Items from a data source

↓↓↓

(* Let $A=[a_1,\dots,a_N]$ and $B=[b_1,\dots,b_N]$ be $N\times N$ complex matrices, $\theta$ a real parameter, and $m_k(\theta)=(1-\theta)a_k+\theta b_k$ the $k$-th column of $(1-\theta)A+\theta B$. Define recursively $z_1=v_1=m_1$ and, for $k\ge2$, \[ v_k=m_k-\sum_{j=1}^{k-1}\frac{\langle z_j,m_k\rangle}{\|z_j\|^2}\,z_j,\qquad z_k=\Big(\prod_{j=1}^{k-1}\|z_j\|^2\Big)\Big\{m_k-\sum_{j=1}^{k-1}\frac{\langle z_j,m_k\rangle z_j}{\|z_j\|^2}\Big\}. \] Then for each $k\in\{1,\dots,N\}$, $z_k$ equals $v_k$ multiplied by a polynomial in $\theta$ of degree at most $D_k=3^{k-1}-1$ (its denominator), and every entry of $z_k(\theta)$ is a polynomial in $\theta$ of degree at most $D_k+1=3^{k-1}$.
   Context: $\langle x,y\rangle=\sum_i\overline{x_i}y_i$ is the standard inner product on $\mathbb{C}^N$ and $\|x\|^2=\langle x,x\rangle$; for real $\theta$ these are polynomials in $\theta$ with complex coefficients. *)

theory Defs
  imports "HOL-Computational_Algebra.Polynomial" Complex_Main
begin

text \<open>Vectors of \<open>\<complex>^N\<close> are functions \<open>nat \<Rightarrow> complex\<close>, components indexed by \<open>{1..N}\<close>.
  An \<open>N\<times>N\<close> matrix \<open>A\<close> is \<open>nat \<Rightarrow> nat \<Rightarrow> complex\<close>, entry \<open>A i k\<close> = row i, column k (1-based).\<close>

definition cinner :: "nat \<Rightarrow> (nat \<Rightarrow> complex) \<Rightarrow> (nat \<Rightarrow> complex) \<Rightarrow> complex" where
  "cinner N x y = (\<Sum>i\<in>{1..N}. cnj (x i) * y i)"

definition cnorm2 :: "nat \<Rightarrow> (nat \<Rightarrow> complex) \<Rightarrow> complex" where
  "cnorm2 N x = cinner N x x"

definition mcol :: "(nat \<Rightarrow> nat \<Rightarrow> complex) \<Rightarrow> (nat \<Rightarrow> nat \<Rightarrow> complex) \<Rightarrow> nat \<Rightarrow> real \<Rightarrow> (nat \<Rightarrow> complex)" where
  "mcol A B k \<theta> = (\<lambda>i. (1 - complex_of_real \<theta>) * A i k + complex_of_real \<theta> * B i k)"

function zvec :: "nat \<Rightarrow> (nat \<Rightarrow> nat \<Rightarrow> complex) \<Rightarrow> (nat \<Rightarrow> nat \<Rightarrow> complex) \<Rightarrow> nat \<Rightarrow> real \<Rightarrow> (nat \<Rightarrow> complex)" where
  "zvec N A B k \<theta> = (\<lambda>i. (\<Prod>j\<in>{1..<k}. cnorm2 N (zvec N A B j \<theta>)) *
      (mcol A B k \<theta> i - (\<Sum>j\<in>{1..<k}. cinner N (zvec N A B j \<theta>) (mcol A B k \<theta>)
                          / cnorm2 N (zvec N A B j \<theta>) * zvec N A B j \<theta> i)))"
  by pat_completeness auto
termination by (relation "measure (\<lambda>(N,A,B,k,\<theta>). k)") auto

definition vvec :: "nat \<Rightarrow> (nat \<Rightarrow> nat \<Rightarrow> complex) \<Rightarrow> (nat \<Rightarrow> nat \<Rightarrow> complex) \<Rightarrow> nat \<Rightarrow> real \<Rightarrow> (nat \<Rightarrow> complex)" where
  "vvec N A B k \<theta> = (\<lambda>i. mcol A B k \<theta> i - (\<Sum>j\<in>{1..<k}. cinner N (zvec N A B j \<theta>) (mcol A B k \<theta>)
                          / cnorm2 N (zvec N A B j \<theta>) * zvec N A B j \<theta> i))"

end

theory Submission
  imports Defs
begin

text \<open>Write \<open>P\<^sub>k = \<Prod>\<^sub>j\<^sub><\<^sub>k \<parallel>z\<^sub>j\<parallel>\<^sup>2\<close>. Multiplying the bracket that defines \<open>z\<^sub>k\<close> by \<open>P\<^sub>k\<close> clears
  every denominator: the \<open>j\<close>-th summand becomes \<open>(\<Prod>\<^sub>l\<^sub>\<noteq>\<^sub>j \<parallel>z\<^sub>l\<parallel>\<^sup>2) \<langle>z\<^sub>j,m\<^sub>k\<rangle> z\<^sub>j\<close>, also when
  \<open>\<parallel>z\<^sub>j\<parallel>\<^sup>2 = 0\<close> (then \<open>z\<^sub>j = 0\<close>, and HOL's quotient by zero is zero). By strong induction
  on \<open>k\<close>, the entries of \<open>z\<^sub>k\<close> are then polynomials in \<open>\<theta>\<close> of degree at most \<open>3\<^sup>k\<^sup>-\<^sup>1\<close>: each
  \<open>\<parallel>z\<^sub>j\<parallel>\<^sup>2\<close> has degree at most \<open>2\<cdot>3\<^sup>j\<^sup>-\<^sup>1\<close>, so \<open>P\<^sub>k\<close> has degree at most \<open>\<Sum>\<^sub>j\<^sub><\<^sub>k 2\<cdot>3\<^sup>j\<^sup>-\<^sup>1 = 3\<^sup>k\<^sup>-\<^sup>1 - 1\<close>,
  and the linear factor \<open>m\<^sub>k\<close>, resp. \<open>\<langle>z\<^sub>j,m\<^sub>k\<rangle> z\<^sub>j\<close> in place of \<open>\<parallel>z\<^sub>j\<parallel>\<^sup>2\<close>, adds exactly one more.\<close>

declare zvec.simps[simp del]

definition poly_fun_le :: "nat \<Rightarrow> (real \<Rightarrow> complex) \<Rightarrow> bool" where
  "poly_fun_le d f \<longleftrightarrow> (\<exists>q::complex poly. degree q \<le> d \<and> (\<forall>\<theta>. f \<theta> = poly q (complex_of_real \<theta>)))"

lemma poly_fun_le_const: "poly_fun_le d (\<lambda>_. c)"
  unfolding poly_fun_le_def by (rule exI[of _ "[:c:]"]) simp

lemma poly_fun_le_of_real: "poly_fun_le 1 complex_of_real"
  unfolding poly_fun_le_def by (rule exI[of _ "[:0, 1:]"]) simp

lemma poly_fun_le_add:
  assumes "poly_fun_le d f" and "poly_fun_le d g"
  shows "poly_fun_le d (\<lambda>\<theta>. f \<theta> + g \<theta>)"
proof -
  obtain p q where "degree p \<le> d" "degree q \<le> d"
    and "\<forall>\<theta>. f \<theta> = poly p (complex_of_real \<theta>)" "\<forall>\<theta>. g \<theta> = poly q (complex_of_real \<theta>)"
    using assms unfolding poly_fun_le_def by blast
  then show ?thesis
    unfolding poly_fun_le_def by (intro exI[of _ "p + q"]) (simp add: degree_add_le)
qed

lemma poly_fun_le_diff:
  assumes "poly_fun_le d f" and "poly_fun_le d g"
  shows "poly_fun_le d (\<lambda>\<theta>. f \<theta> - g \<theta>)"
proof -
  obtain p q where "degree p \<le> d" "degree q \<le> d"
    and "\<forall>\<theta>. f \<theta> = poly p (complex_of_real \<theta>)" "\<forall>\<theta>. g \<theta> = poly q (complex_of_real \<theta>)"
    using assms unfolding poly_fun_le_def by blast
  then show ?thesis
    unfolding poly_fun_le_def by (intro exI[of _ "p - q"]) (simp add: degree_diff_le)
qed

lemma poly_fun_le_mult:
  assumes "poly_fun_le d f" and "poly_fun_le e g"
  shows "poly_fun_le (d + e) (\<lambda>\<theta>. f \<theta> * g \<theta>)"
proof -
  obtain p q where "degree p \<le> d" "degree q \<le> e"
    and "\<forall>\<theta>. f \<theta> = poly p (complex_of_real \<theta>)" "\<forall>\<theta>. g \<theta> = poly q (complex_of_real \<theta>)"
    using assms unfolding poly_fun_le_def by blast
  then show ?thesis
    unfolding poly_fun_le_def
    by (intro exI[of _ "p * q"]) (simp add: order_trans[OF degree_mult_le] add_mono)
qed

lemma poly_fun_le_cnj:
  assumes "poly_fun_le d f"
  shows "poly_fun_le d (\<lambda>\<theta>. cnj (f \<theta>))"
proof -
  obtain p where "degree p \<le> d" "\<forall>\<theta>. f \<theta> = poly p (complex_of_real \<theta>)"
    using assms unfolding poly_fun_le_def by blast
  then show ?thesis
    unfolding poly_fun_le_def by (intro exI[of _ "map_poly cnj p"]) (simp add: degree_map_poly)
qed

lemma poly_fun_le_sum:
  "finite S \<Longrightarrow> (\<And>x. x \<in> S \<Longrightarrow> poly_fun_le d (f x)) \<Longrightarrow> poly_fun_le d (\<lambda>\<theta>. \<Sum>x\<in>S. f x \<theta>)"
proof (induction S rule: finite_induct)
  case empty
  then show ?case using poly_fun_le_const[of d 0] by simp
next
  case (insert x F)
  then show ?case using poly_fun_le_add[of d "f x" "\<lambda>\<theta>. \<Sum>x\<in>F. f x \<theta>"] by simp
qed

lemma poly_fun_le_prod:
  "finite S \<Longrightarrow> (\<And>x. x \<in> S \<Longrightarrow> poly_fun_le (d x) (f x))
    \<Longrightarrow> poly_fun_le (\<Sum>x\<in>S. d x) (\<lambda>\<theta>. \<Prod>x\<in>S. f x \<theta>)"
proof (induction S rule: finite_induct)
  case empty
  then show ?case using poly_fun_le_const[of 0 1] by simp
next
  case (insert x F)
  then show ?case
    using poly_fun_le_mult[of "d x" "f x" "\<Sum>x\<in>F. d x" "\<lambda>\<theta>. \<Prod>x\<in>F. f x \<theta>"] by simp
qed

lemma poly_fun_le_cinner:
  assumes "\<And>i. i \<in> {1..N} \<Longrightarrow> poly_fun_le d (\<lambda>\<theta>. x \<theta> i)"
    and "\<And>i. i \<in> {1..N} \<Longrightarrow> poly_fun_le e (\<lambda>\<theta>. y \<theta> i)"
  shows "poly_fun_le (d + e) (\<lambda>\<theta>. cinner N (x \<theta>) (y \<theta>))"
  unfolding cinner_def using assms by (intro poly_fun_le_sum poly_fun_le_mult poly_fun_le_cnj) auto

lemma poly_fun_le_cnorm2:
  assumes "\<And>i. i \<in> {1..N} \<Longrightarrow> poly_fun_le d (\<lambda>\<theta>. x \<theta> i)"
  shows "poly_fun_le (2 * d) (\<lambda>\<theta>. cnorm2 N (x \<theta>))"
  unfolding cnorm2_def mult_2 using assms by (intro poly_fun_le_cinner)

lemma poly_fun_le_mcol: "poly_fun_le 1 (\<lambda>\<theta>. mcol A B k \<theta> i)"
proof -
  have "mcol A B k \<theta> i = A i k + complex_of_real \<theta> * (B i k - A i k)" for \<theta>
    unfolding mcol_def by (simp add: algebra_simps)
  moreover have "poly_fun_le 1 (\<lambda>\<theta>. A i k + complex_of_real \<theta> * (B i k - A i k))"
    using poly_fun_le_add[OF poly_fun_le_const poly_fun_le_mult[OF poly_fun_le_of_real poly_fun_le_const]]
    by simp
  ultimately show ?thesis by simp
qed

lemma cinner_eq_0_if_cnorm2_eq_0:
  assumes "cnorm2 N x = 0"
  shows "cinner N x y = 0"
proof -
  have "cnorm2 N x = complex_of_real (\<Sum>i\<in>{1..N}. (cmod (x i))\<^sup>2)"
    unfolding cnorm2_def cinner_def
    by (simp only: of_real_sum complex_norm_square mult.commute[of "cnj _"])
  then have "(\<Sum>i\<in>{1..N}. (cmod (x i))\<^sup>2) = 0"
    using assms by (metis of_real_eq_0_iff)
  then have "x i = 0" if "i \<in> {1..N}" for i
    using that by (subst (asm) sum_nonneg_eq_0_iff) auto
  then show ?thesis
    unfolding cinner_def by simp
qed

lemma prod_mult_divide_cancel:
  fixes n :: "'a \<Rightarrow> 'b::field"
  assumes "finite S" and "j \<in> S" and "n j = 0 \<Longrightarrow> c = 0"
  shows "(\<Prod>l\<in>S. n l) * (c / n j) = (\<Prod>l\<in>S - {j}. n l) * c"
proof (cases "n j = 0")
  case False
  then show ?thesis
    using assms(1,2) by (simp add: prod.remove field_simps)
qed (use assms(3) in simp)

lemma sum_two_times_pow3: "(\<Sum>j\<in>{1..<k}. 2 * 3 ^ (j - 1) :: nat) = 3 ^ (k - 1) - 1"
proof (induction k)
  case (Suc k)
  show ?case
  proof (cases "k = 0")
    case False
    then have "{1..<Suc k} = insert k {1..<k}" by auto
    with Suc False show ?thesis by (cases k) simp_all
  qed simp
qed simp

lemma zvec_eq_prod_vvec:
  "zvec N A B k \<theta> i = (\<Prod>j\<in>{1..<k}. cnorm2 N (zvec N A B j \<theta>)) * vvec N A B k \<theta> i"
  by (subst zvec.simps) (simp add: vvec_def)

lemma zvec_eq_division_free:
  "zvec N A B k \<theta> i = (\<Prod>j\<in>{1..<k}. cnorm2 N (zvec N A B j \<theta>)) * mcol A B k \<theta> i
     - (\<Sum>j\<in>{1..<k}. (\<Prod>l\<in>{1..<k} - {j}. cnorm2 N (zvec N A B l \<theta>))
          * cinner N (zvec N A B j \<theta>) (mcol A B k \<theta>) * zvec N A B j \<theta> i)"
proof -
  let ?n = "\<lambda>j. cnorm2 N (zvec N A B j \<theta>)"
  let ?c = "\<lambda>j. cinner N (zvec N A B j \<theta>) (mcol A B k \<theta>)"
  have "(\<Prod>l\<in>{1..<k}. ?n l) * (?c j / ?n j * zvec N A B j \<theta> i)
      = (\<Prod>l\<in>{1..<k} - {j}. ?n l) * ?c j * zvec N A B j \<theta> i"
    if "j \<in> {1..<k}" for j
  proof -
    have "(\<Prod>l\<in>{1..<k}. ?n l) * (?c j / ?n j) = (\<Prod>l\<in>{1..<k} - {j}. ?n l) * ?c j"
      using that by (intro prod_mult_divide_cancel) (auto intro: cinner_eq_0_if_cnorm2_eq_0)
    then show ?thesis by (metis mult.assoc)
  qed
  then have "(\<Sum>j\<in>{1..<k}. (\<Prod>l\<in>{1..<k}. ?n l) * (?c j / ?n j * zvec N A B j \<theta> i))
      = (\<Sum>j\<in>{1..<k}. (\<Prod>l\<in>{1..<k} - {j}. ?n l) * ?c j * zvec N A B j \<theta> i)"
    by (rule sum.cong[OF refl])
  then show ?thesis
    unfolding zvec.simps[of N A B k] right_diff_distrib sum_distrib_left by simp
qed

lemma poly_fun_le_zvec: "poly_fun_le (3 ^ (k - 1)) (\<lambda>\<theta>. zvec N A B k \<theta> i)"
proof (induction k arbitrary: i rule: less_induct)
  case (less k)
  let ?S = "{1..<k}"
  have norm: "poly_fun_le (2 * 3 ^ (j - 1)) (\<lambda>\<theta>. cnorm2 N (zvec N A B j \<theta>))" if "j \<in> ?S" for j
    using that by (intro poly_fun_le_cnorm2 less) auto
  have "poly_fun_le ((\<Sum>j\<in>?S. 2 * 3 ^ (j - 1)) + 1)
      (\<lambda>\<theta>. (\<Prod>j\<in>?S. cnorm2 N (zvec N A B j \<theta>)) * mcol A B k \<theta> i)"
    by (intro poly_fun_le_mult poly_fun_le_prod poly_fun_le_mcol norm) auto
  then have main: "poly_fun_le (3 ^ (k - 1))
      (\<lambda>\<theta>. (\<Prod>j\<in>?S. cnorm2 N (zvec N A B j \<theta>)) * mcol A B k \<theta> i)"
    unfolding sum_two_times_pow3 by simp
  have summand: "poly_fun_le (3 ^ (k - 1)) (\<lambda>\<theta>. (\<Prod>l\<in>?S - {j}. cnorm2 N (zvec N A B l \<theta>))
      * cinner N (zvec N A B j \<theta>) (mcol A B k \<theta>) * zvec N A B j \<theta> i)" if j: "j \<in> ?S" for j
  proof -
    have "poly_fun_le ((\<Sum>l\<in>?S - {j}. 2 * 3 ^ (l - 1)) + (3 ^ (j - 1) + 1) + 3 ^ (j - 1))
        (\<lambda>\<theta>. (\<Prod>l\<in>?S - {j}. cnorm2 N (zvec N A B l \<theta>))
          * cinner N (zvec N A B j \<theta>) (mcol A B k \<theta>) * zvec N A B j \<theta> i)"
      using j by (intro poly_fun_le_mult poly_fun_le_prod poly_fun_le_cinner poly_fun_le_mcol norm less) auto
    moreover have "(\<Sum>l\<in>?S - {j}. 2 * 3 ^ (l - 1)) + (3 ^ (j - 1) + 1) + 3 ^ (j - 1) = (3 ^ (k - 1) :: nat)"
    proof -
      have "(\<Sum>l\<in>?S. 2 * 3 ^ (l - 1) :: nat) = 2 * 3 ^ (j - 1) + (\<Sum>l\<in>?S - {j}. 2 * 3 ^ (l - 1))"
        using j by (simp add: sum.remove)
      moreover have "(1 :: nat) \<le> 3 ^ (k - 1)" by simp
      ultimately show ?thesis unfolding sum_two_times_pow3 by linarith
    qed
    ultimately show ?thesis by simp
  qed
  have "poly_fun_le (3 ^ (k - 1)) (\<lambda>\<theta>. (\<Prod>j\<in>?S. cnorm2 N (zvec N A B j \<theta>)) * mcol A B k \<theta> i
      - (\<Sum>j\<in>?S. (\<Prod>l\<in>?S - {j}. cnorm2 N (zvec N A B l \<theta>))
          * cinner N (zvec N A B j \<theta>) (mcol A B k \<theta>) * zvec N A B j \<theta> i))"
    by (intro poly_fun_le_diff main poly_fun_le_sum summand) auto
  then show ?case
    by (subst zvec_eq_division_free) simp
qed

theorem corollary6:
  fixes N :: nat and A B :: "nat \<Rightarrow> nat \<Rightarrow> complex" and k :: nat
  assumes "1 \<le> k" and "k \<le> N"
  shows "(\<exists>p :: complex poly. degree p \<le> 3 ^ (k - 1) - 1 \<and>
            (\<forall>\<theta>::real. poly p (complex_of_real \<theta>) = (\<Prod>j\<in>{1..<k}. cnorm2 N (zvec N A B j \<theta>)) \<and>
                        (\<forall>i. zvec N A B k \<theta> i = poly p (complex_of_real \<theta>) * vvec N A B k \<theta> i)))
       \<and> (\<forall>i\<in>{1..N}. \<exists>q :: complex poly. degree q \<le> 3 ^ (k - 1) \<and>
            (\<forall>\<theta>::real. zvec N A B k \<theta> i = poly q (complex_of_real \<theta>)))"
proof
  have "poly_fun_le (\<Sum>j\<in>{1..<k}. 2 * 3 ^ (j - 1)) (\<lambda>\<theta>. \<Prod>j\<in>{1..<k}. cnorm2 N (zvec N A B j \<theta>))"
    by (intro poly_fun_le_prod poly_fun_le_cnorm2 poly_fun_le_zvec) auto
  then obtain p where "degree p \<le> 3 ^ (k - 1) - 1"
    and "\<forall>\<theta>. (\<Prod>j\<in>{1..<k}. cnorm2 N (zvec N A B j \<theta>)) = poly p (complex_of_real \<theta>)"
    unfolding poly_fun_le_def sum_two_times_pow3 by blast
  then show "\<exists>p :: complex poly. degree p \<le> 3 ^ (k - 1) - 1 \<and>
            (\<forall>\<theta>::real. poly p (complex_of_real \<theta>) = (\<Prod>j\<in>{1..<k}. cnorm2 N (zvec N A B j \<theta>)) \<and>
                        (\<forall>i. zvec N A B k \<theta> i = poly p (complex_of_real \<theta>) * vvec N A B k \<theta> i))"
    by (metis zvec_eq_prod_vvec)
  show "\<forall>i\<in>{1..N}. \<exists>q :: complex poly. degree q \<le> 3 ^ (k - 1) \<and>
            (\<forall>\<theta>::real. zvec N A B k \<theta> i = poly q (complex_of_real \<theta>))"
    using poly_fun_le_zvec unfolding poly_fun_le_def by blast
qed

end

↑↑↑

Return every line from the entries above that contains the word "metis".

* _SOLUTION_:
    using assms by (metis of_real_eq_0_iff)
    then show ?thesis by (metis mult.assoc)
    by (metis zvec_eq_prod_vvec)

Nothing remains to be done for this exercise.